Methane seeps were a common feature in the Late Cretaceous Western Interior Seaway of the United States. We document the occurrence of methane seep deposits in the Pierre Shale on the Cedar Creek Anticline in east‐central Montana for the first time. The seep deposits occur in the lowermost part of the Baculites baculus Zone (the Endocostea typica Zone), corresponding to the lowermost Maastrichtian. They are therefore the youngest seeps yet described from the Western Interior Seaway.
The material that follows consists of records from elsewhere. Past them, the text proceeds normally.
text \<open>The apex, the copies of one vertex from each side of \<open>K\<^sub>a\<^sub>,\<^sub>b\<close> and the two
  corresponding original vertices form a 5-cycle, so three colours are needed, they suffice, and
  every 3-colouring uses colour 1. Each colour class is independent, and for \<open>b < a\<close> an
  independent set has at most \<open>2a\<close> vertices. For a 3-colouring the colouring sum is
  \<open>2|V| - \<theta>\<^sub>1 + \<theta>\<^sub>3 \<le> 2(2a + 2b + 1) - 1 + 2a\<close>, with equality for the colouring that
  gives the apex colour 1, the vertices over the larger side colour 3 and the rest colour 2.
  Hence every \<open>\<chi>\<^sup>+\<close>-colouring has colour classes of sizes \<open>1, 2b, 2a\<close>, which determine
  its mean and variance.\<close>

lemma finite_myc_verts: "finite V \<Longrightarrow> finite (myc_verts V)"
  by (simp add: myc_verts_def)

lemma myc_verts_iff [simp]:
  "Orig x \<in> myc_verts V \<longleftrightarrow> x \<in> V"
  "Copy x \<in> myc_verts V \<longleftrightarrow> x \<in> V"
  "Apex \<in> myc_verts V"
  by (auto simp: myc_verts_def)

lemma card_myc_verts:
  assumes "finite V"
  shows "card (myc_verts V) = 2 * card V + 1"
proof -
  have "card (myc_verts V) = card (Orig ` V \<union> Copy ` V) + card {Apex :: 'a myc_vertex}"
    unfolding myc_verts_def using assms by (intro card_Un_disjoint) auto
  also have "card (Orig ` V \<union> Copy ` V) = card (Orig ` V) + card (Copy ` V)"
    using assms by (intro card_Un_disjoint) auto
  also have "\<dots> = card V + card V"
    by (simp add: card_image inj_on_def)
  finally show ?thesis by simp
qed

lemma proper_colouring_range:
  "proper_colouring V E k c \<Longrightarrow> v \<in> V \<Longrightarrow> c v \<in> {1..k}"
  unfolding proper_colouring_def by blast

lemma proper_colouring_adj:
  "proper_colouring V E k c \<Longrightarrow> u \<in> V \<Longrightarrow> v \<in> V \<Longrightarrow> E u v \<Longrightarrow> c u \<noteq> c v"
  unfolding proper_colouring_def by blast

lemma sum_theta_eq_card:
  assumes "finite V" and "finite K" and "c ` V \<subseteq> K"
  shows "(\<Sum>i\<in>K. theta V c i) = card V"
proof -
  have "(\<Union>i\<in>K. {v \<in> V. c v = i}) = V"
    using assms(3) by auto
  moreover have "card (\<Union>i\<in>K. {v \<in> V. c v = i}) = (\<Sum>i\<in>K. card {v \<in> V. c v = i})"
    using assms(1,2) by (intro card_UN_disjoint) auto
  ultimately show ?thesis
    unfolding theta_def by simp
qed

lemma atLeastAtMost_one_three: "{1..3::nat} = {1, 2, 3}"
  by auto

lemma colouring_sum_three: "colouring_sum V 3 c = theta V c 1 + 2 * theta V c 2 + 3 * theta V c 3"
  unfolding colouring_sum_def atLeastAtMost_one_three by simp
We conducted a detailed faunal analysis of a single seep deposit, together with geochemical investigation of both seep carbonates and molluscan shell material to determine palaeoenvironmental conditions. Oxygen isotope analysis of well‐preserved molluscan shell material reveals water temperatures of between 19 and 27°C, while depleted carbon isotope values of seep carbonates are indicative of the anaerobic oxidation of methane. The morphology of the seep deposit suggests a strong advective flux of methane to the sediment–water interface. Comparison to a nearby contemporaneous non‐seep site reveals that similar groups of organisms occur in both settings, albeit with varying relative abundances – the seep is numerically dominated by the lucinid bivalve Nymphalucina occidentalis. Substrate appears to be the major control on the diversity and palaeoecological composition of both seep and non‐seep sites.